JOHN W. OLIVER, District Judge.
This case, involving a complaint to enforce an Internal Revenue summons issued in connection with the determination of an estate tax, was submitted on a stipulation of facts as supplemented by the testimony of one witness taken at an evidentiary hearing held January 6, 1969. The defendant hospital and the intervening defendant executor contend that the hospital records of the deceased should not be produced pursuant to the summons because such production would allegedly violate the physician-patient privilege established by Section 491.060, V.A.M.S. The defendant executor, but not the defendant hospital, also contends that such hospital records are not relevant and material and that the summons is defective for the reason that no formal notice of such summons was given either to the Executor or his attorneys.

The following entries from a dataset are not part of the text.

lemma replaces_prefix_snoc_pattern:
  "replaces_prefix (I @ [k]) (J @ [k]) K M \<longleftrightarrow>
     replaces_prefix I J K M \<and> length J < length K \<and> K ! length J = k"
proof
  assume "replaces_prefix I J K M \<and> length J < length K \<and> K ! length J = k"
  then obtain X where X: "K = J @ X" "M = I @ X" "length J < length K" "K ! length J = k"
    by (auto simp: replaces_prefix_def)
  then obtain X' where "X = k # X'" by (cases X) auto
  with X show "replaces_prefix (I @ [k]) (J @ [k]) K M" by (auto simp: replaces_prefix_def)
qed (auto simp: replaces_prefix_def nth_append)

lemma sum_of_bool_unique:
  assumes "finite A" "\<And>k. P k \<Longrightarrow> k = x" "P x \<Longrightarrow> x \<in> A"
  shows "(\<Sum>k\<in>A. of_bool (P k)) = (of_bool (P x) :: 'a::semiring_1)"
proof -
  have "(\<Sum>k\<in>A. of_bool (P k)) = (\<Sum>k\<in>A. if k = x then (of_bool (P x) :: 'a) else 0)"
    using assms(2) by (intro sum.cong) auto
  then show ?thesis using assms(1,3) by (cases "P x") (simp_all add: sum.delta)
qed

lemma replaces_prefix_expansion:
  assumes "set K \<subseteq> A" "finite A"
  shows "(of_bool (replaces_prefix I J K M) :: 'a::semiring_1) =
    of_bool (K = J \<and> M = I) + (\<Sum>k\<in>A. of_bool (replaces_prefix (I @ [k]) (J @ [k]) K M))"
proof -
  have "(\<Sum>k\<in>A. of_bool (replaces_prefix (I @ [k]) (J @ [k]) K M)) =
      (of_bool (replaces_prefix (I @ [K ! length J]) (J @ [K ! length J]) K M) :: 'a)"
    using assms by (intro sum_of_bool_unique) (auto simp: replaces_prefix_snoc_pattern)
  also have "\<dots> = of_bool (replaces_prefix I J K M \<and> length J < length K)"
    by (simp add: replaces_prefix_snoc_pattern)
  finally show ?thesis
    by (auto simp: replaces_prefix_def)
qed

lemma replaces_suffix_expansion:
  assumes "set K \<subseteq> A" "finite A"
  shows "(of_bool (replaces_suffix I J K M) :: 'a::semiring_1) =
    of_bool (K = J \<and> M = I) + (\<Sum>k\<in>A. of_bool (replaces_suffix (k # I) (k # J) K M))"
  using assms replaces_prefix_expansion[of "rev K" A "rev I" "rev J" "rev M"]
  by (simp add: replaces_suffix_rev)

lemma finite_replacements: "finite (replacements I J K M)"
proof (rule finite_subset)
  show "replacements I J K M \<subseteq> (\<lambda>i. (take i K, J, drop (i + length J) K)) ` {0..length K}"
  proof
    fix z assume "z \<in> replacements I J K M"
    then obtain K1 K3 where "z = (K1, J, K3)" "K = K1 @ J @ K3" by (auto simp: replacements_def)
    then show "z \<in> (\<lambda>i. (take i K, J, drop (i + length J) K)) ` {0..length K}"
      by (intro image_eqI[where x = "length K1"]) auto
  qed
qed simp

lemma card_replacements_expansion_left:
  assumes "set K \<subseteq> A" "finite A"
  shows "card (replacements I J K M) =
    of_bool (replaces_prefix I J K M) + (\<Sum>k\<in>A. card (replacements (k # I) (k # J) K M))"
proof -
  define P where "P = {([] :: nat list, J, X) | X. K = J @ X \<and> M = I @ X}"
  define Q where "Q = (\<lambda>(k, K1, K2, K3). (K1 @ [k], J, K3)) ` (SIGMA k:A. replacements (k # I) (k # J) K M)"
  have split: "replacements I J K M = P \<union> Q"
  proof (intro set_eqI iffI)
    fix z assume "z \<in> replacements I J K M"
    then obtain K1 K3 where z: "z = (K1, J, K3)" "K = K1 @ J @ K3" "M = K1 @ I @ K3"
      by (auto simp: replacements_def)
    show "z \<in> P \<union> Q"
    proof (cases K1 rule: rev_cases)
      case Nil
      then show ?thesis using z by (auto simp: P_def)
    next
      case (snoc K1' k)
      then have "(k, K1', k # J, K3) \<in> (SIGMA k:A. replacements (k # I) (k # J) K M)"
        using z assms(1) by (auto simp: replacements_def)
      then show ?thesis using z snoc unfolding Q_def by (auto intro!: image_eqI)
    qed
  qed (auto simp: replacements_def P_def Q_def)
  have card_P: "card P = of_bool (replaces_prefix I J K M)"
  proof (cases "replaces_prefix I J K M")
    case True
    then obtain X where "K = J @ X" "M = I @ X" by (auto simp: replaces_prefix_def)
    then have "P = {([], J, X)}" by (auto simp: P_def)
    then show ?thesis using True by simp
  next
    case False
    then have "P = {}" by (auto simp: P_def replaces_prefix_def)
    then show ?thesis using False by simp
  qed
  have "inj_on (\<lambda>(k, K1, K2, K3). (K1 @ [k], J, K3)) (SIGMA k:A. replacements (k # I) (k # J) K M)"
    by (auto simp: inj_on_def replacements_def)
  then have card_Q: "card Q = (\<Sum>k\<in>A. card (replacements (k # I) (k # J) K M))"
    using assms(2) by (simp add: Q_def card_image card_SigmaI finite_replacements)
  have "finite (P \<union> Q)"
    using finite_replacements[of I J K M] by (simp only: split)
  moreover have "P \<inter> Q = {}" by (auto simp: P_def Q_def)
  ultimately have "card (P \<union> Q) = card P + card Q" by (simp add: card_Un_disjoint)
  then show ?thesis by (simp only: split card_P card_Q)
qed

lemma card_replacements_rev:
  "card (replacements (rev I) (rev J) (rev K) (rev M)) = card (replacements I J K M)"
proof -
  have "replacements (rev I) (rev J) (rev K) (rev M) =
      (\<lambda>(K1, K2, K3). (rev K3, rev K2, rev K1)) ` replacements I J K M"
  proof (intro set_eqI iffI)
    fix z assume "z \<in> replacements (rev I) (rev J) (rev K) (rev M)"
    then obtain K1 K3 where "z = (K1, rev J, K3)" "rev K = K1 @ rev J @ K3" "rev M = K1 @ rev I @ K3"
      by (auto simp: replacements_def)
    then show "z \<in> (\<lambda>(K1, K2, K3). (rev K3, rev K2, rev K1)) ` replacements I J K M"
      by (intro image_eqI[where x = "(rev K3, J, rev K1)"]) (auto simp: replacements_def rev_swap)
  qed (auto simp: replacements_def)
  moreover have "inj_on (\<lambda>(K1, K2, K3). (rev K3, rev K2, rev K1)) (replacements I J K M)"
    by (auto simp: inj_on_def)
  ultimately show ?thesis by (simp add: card_image)
qed

lemma card_replacements_expansion_right:
  assumes "set K \<subseteq> A" "finite A"
  shows "card (replacements I J K M) =
    of_bool (replaces_suffix I J K M) + (\<Sum>k\<in>A. card (replacements (I @ [k]) (J @ [k]) K M))"
proof -
  have "card (replacements (k # rev I) (k # rev J) (rev K) (rev M)) =
      card (replacements (I @ [k]) (J @ [k]) K M)" for k
    using card_replacements_rev[of "I @ [k]" "J @ [k]" K M] by simp
  then show ?thesis
    using assms card_replacements_expansion_left[of "rev K" A "rev I" "rev J" "rev M"]
    by (simp add: card_replacements_rev replaces_suffix_rev)
qed

lemma card_replacements_butlast:
  "card (replacements I J K M) = of_bool (replaces_suffix I J K M) +
     (if K \<noteq> [] \<and> M \<noteq> [] \<and> last K = last M
      then card (replacements I J (butlast K) (butlast M)) else 0)"
proof -
  define P where "P = {(X, J, [] :: nat list) | X. K = X @ J \<and> M = X @ I}"
  define Q where "Q = (\<lambda>(K1, K2, K3). (K1, K2, K3 @ [last K])) `
    (if K \<noteq> [] \<and> M \<noteq> [] \<and> last K = last M then replacements I J (butlast K) (butlast M) else {})"
  have split: "replacements I J K M = P \<union> Q"
  proof (intro set_eqI iffI)
    fix z assume "z \<in> replacements I J K M"
    then obtain K1 K3 where z: "z = (K1, J, K3)" "K = K1 @ J @ K3" "M = K1 @ I @ K3"
      by (auto simp: replacements_def)
    show "z \<in> P \<union> Q"
    proof (cases K3 rule: rev_cases)
      case Nil
      then show ?thesis using z by (auto simp: P_def)
    next
      case (snoc K3' k)
      then show ?thesis using z unfolding Q_def
        by (intro UnI2 image_eqI[where x = "(K1, J, K3')"]) (auto simp: replacements_def butlast_append)
    qed
  next
    fix z assume "z \<in> P \<union> Q"
    then show "z \<in> replacements I J K M"
      by (auto simp: P_def Q_def replacements_def split: if_splits)
        (metis append_butlast_last_id append_assoc)+
  qed
  have card_P: "card P = of_bool (replaces_suffix I J K M)"
  proof (cases "replaces_suffix I J K M")
    case True
    then obtain X where "K = X @ J" "M = X @ I" by (auto simp: replaces_suffix_def)
    then have "P = {(X, J, [])}" by (auto simp: P_def)
    then show ?thesis using True by simp
  next
    case False
    then have "P = {}" by (auto simp: P_def replaces_suffix_def)
    then show ?thesis using False by simp
  qed
  have card_Q: "card Q = (if K \<noteq> [] \<and> M \<noteq> [] \<and> last K = last M
      then card (replacements I J (butlast K) (butlast M)) else 0)"
    unfolding Q_def by (subst card_image) (auto simp: inj_on_def)
  have "finite (P \<union> Q)"
    using finite_replacements[of I J K M] by (simp only: split)
  moreover have "P \<inter> Q = {}" by (auto simp: P_def Q_def split: if_splits)
  ultimately have "card (P \<union> Q) = card P + card Q" by (simp add: card_Un_disjoint)
  then show ?thesis by (simp only: split card_P card_Q)
qed

section \<open>Matrix entries and linear relations\<close>

lemma valid_iff: "valid \<Lambda> \<Lambda>F (a, K, b) \<longleftrightarrow> a \<in> {1..\<Lambda>F} \<and> K \<in> seqs \<Lambda> \<and> b \<in> {1..\<Lambda>F}"
  by (simp add: valid_def)

lemma opF_apply:
  "opF \<Lambda> \<Lambda>F l1 l2 I J l3 l4 (a, K, b) (c, M, d) =
    of_bool (valid \<Lambda> \<Lambda>F (a, K, b) \<and> a = l2 \<and> K = J \<and> b = l4 \<and> c = l1 \<and> M = I \<and> d = l3)"
  by (auto simp: opF_def)

lemma opF_apply_long: "length J < length K \<Longrightarrow> opF \<Lambda> \<Lambda>F l1 l2 I J l3 l4 (a, K, b) (c, M, d) = 0"
  by (auto simp: opF_apply)

lemma opL_apply:
  "opL \<Lambda> \<Lambda>F l1 l2 I J (a, K, b) (c, M, d) =
    of_bool (valid \<Lambda> \<Lambda>F (a, K, b) \<and> a = l2 \<and> c = l1 \<and> d = b \<and> replaces_prefix I J K M)"
proof -
  have "{(K1, K2). K1 @ K2 = K \<and> K1 = J \<and> M = I @ K2} =
      (if replaces_prefix I J K M then {(J, drop (length J) K)} else {})"
    by (auto simp: replaces_prefix_def)
  then show ?thesis by (auto simp: opL_def)
qed

lemma opR_apply:
  "opR \<Lambda> \<Lambda>F I J l1 l2 (a, K, b) (c, M, d) =
    of_bool (valid \<Lambda> \<Lambda>F (a, K, b) \<and> b = l2 \<and> c = a \<and> d = l1 \<and> replaces_suffix I J K M)"
proof -
  have "{(K1, K2). K1 @ K2 = K \<and> K2 = J \<and> M = K1 @ I} =
      (if replaces_suffix I J K M then {(take (length K - length J) K, J)} else {})"
    by (auto simp: replaces_suffix_def)
  then show ?thesis by (auto simp: opR_def)
qed

lemma opS_apply:
  "opS \<Lambda> \<Lambda>F I J (a, K, b) (c, M, d) =
    of_bool (valid \<Lambda> \<Lambda>F (a, K, b) \<and> c = a \<and> d = b) * of_nat (card (replacements I J K M))"
  by (simp add: opS_def replacements_def)

lemma sum_opF_diag_right_apply:
  "(\<Sum>\<mu>\<in>{1..\<Lambda>F}. opF \<Lambda> \<Lambda>F l1 l2 I J \<mu> \<mu>) (a, K, b) (c, M, d) =
    of_bool (valid \<Lambda> \<Lambda>F (a, K, b) \<and> a = l2 \<and> c = l1 \<and> d = b \<and> K = J \<and> M = I)"
  unfolding sum_fun_apply opF_apply
  by (subst sum_of_bool_unique[where x = b]) (auto simp: valid_iff)

lemma sum_opF_diag_left_apply:
  "(\<Sum>\<mu>\<in>{1..\<Lambda>F}. opF \<Lambda> \<Lambda>F \<mu> \<mu> I J l1 l2) (a, K, b) (c, M, d) =
    of_bool (valid \<Lambda> \<Lambda>F (a, K, b) \<and> b = l2 \<and> c = a \<and> d = l1 \<and> K = J \<and> M = I)"
  unfolding sum_fun_apply opF_apply
  by (subst sum_of_bool_unique[where x = a]) (auto simp: valid_iff)

lemma sum_opL_diag_apply:
  "(\<Sum>\<mu>\<in>{1..\<Lambda>F}. opL \<Lambda> \<Lambda>F \<mu> \<mu> I J) (a, K, b) (c, M, d) =
    of_bool (valid \<Lambda> \<Lambda>F (a, K, b) \<and> c = a \<and> d = b \<and> replaces_prefix I J K M)"
  unfolding sum_fun_apply opL_apply
  by (subst sum_of_bool_unique[where x = a]) (auto simp: valid_iff)

lemma sum_opR_diag_apply:
  "(\<Sum>\<mu>\<in>{1..\<Lambda>F}. opR \<Lambda> \<Lambda>F I J \<mu> \<mu>) (a, K, b) (c, M, d) =
    of_bool (valid \<Lambda> \<Lambda>F (a, K, b) \<and> c = a \<and> d = b \<and> replaces_suffix I J K M)"
  unfolding sum_fun_apply opR_apply
  by (subst sum_of_bool_unique[where x = b]) (auto simp: valid_iff)

lemma sum_opR_Nil_Nil_eq_sum_opL_Nil_Nil:
  "(\<Sum>\<mu>\<in>{1..\<Lambda>F}. opR \<Lambda> \<Lambda>F [] [] \<mu> \<mu>) = (\<Sum>\<mu>\<in>{1..\<Lambda>F}. opL \<Lambda> \<Lambda>F \<mu> \<mu> [] [])"
proof (intro ext)
  fix x y :: bvec
  obtain a K b c M d where xy: "x = (a, K, b)" "y = (c, M, d)" by (cases x, cases y)
  show "(\<Sum>\<mu>\<in>{1..\<Lambda>F}. opR \<Lambda> \<Lambda>F [] [] \<mu> \<mu>) x y = (\<Sum>\<mu>\<in>{1..\<Lambda>F}. opL \<Lambda> \<Lambda>F \<mu> \<mu> [] []) x y"
    unfolding xy sum_opR_diag_apply sum_opL_diag_apply
    by (simp add: replaces_prefix_def replaces_suffix_def)
qed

The orderly processing of this case was delayed by the Government's filing a motion for an order to show cause after the case was at issue. Such procedure was obviously inconsistent with that approved in Reisman v. Caplin, 375 U.S. 440, 84 S.Ct. 508, 11 L.Ed.2d 459 (1964) and United States v. Powell, 379 U.S. 48, 85 S.Ct. 248, 13 L.Ed.2d 112 (1964). The defendant and intervenors accordingly filed a motion to strike the Government's motion for a show cause order. The briefs submitted in connection with those motions, however, fully dealt with the question of whether the State physician-patient privilege must be recognized in connection with the Internal Revenue summons here involved.
Both motions were denied at a preliminary pretrial conference and, in accordance with directions made at that time, the parties thereafter stipulated almost all of the relevant facts. As above stated, the case was submitted on that stipulation and the testimony of Mrs. Clarice C. Hahn, the estate tax attorney substituted as a party plaintiff in lieu of Gregory P. Vatteroot, who is no longer employed by the I.R.S.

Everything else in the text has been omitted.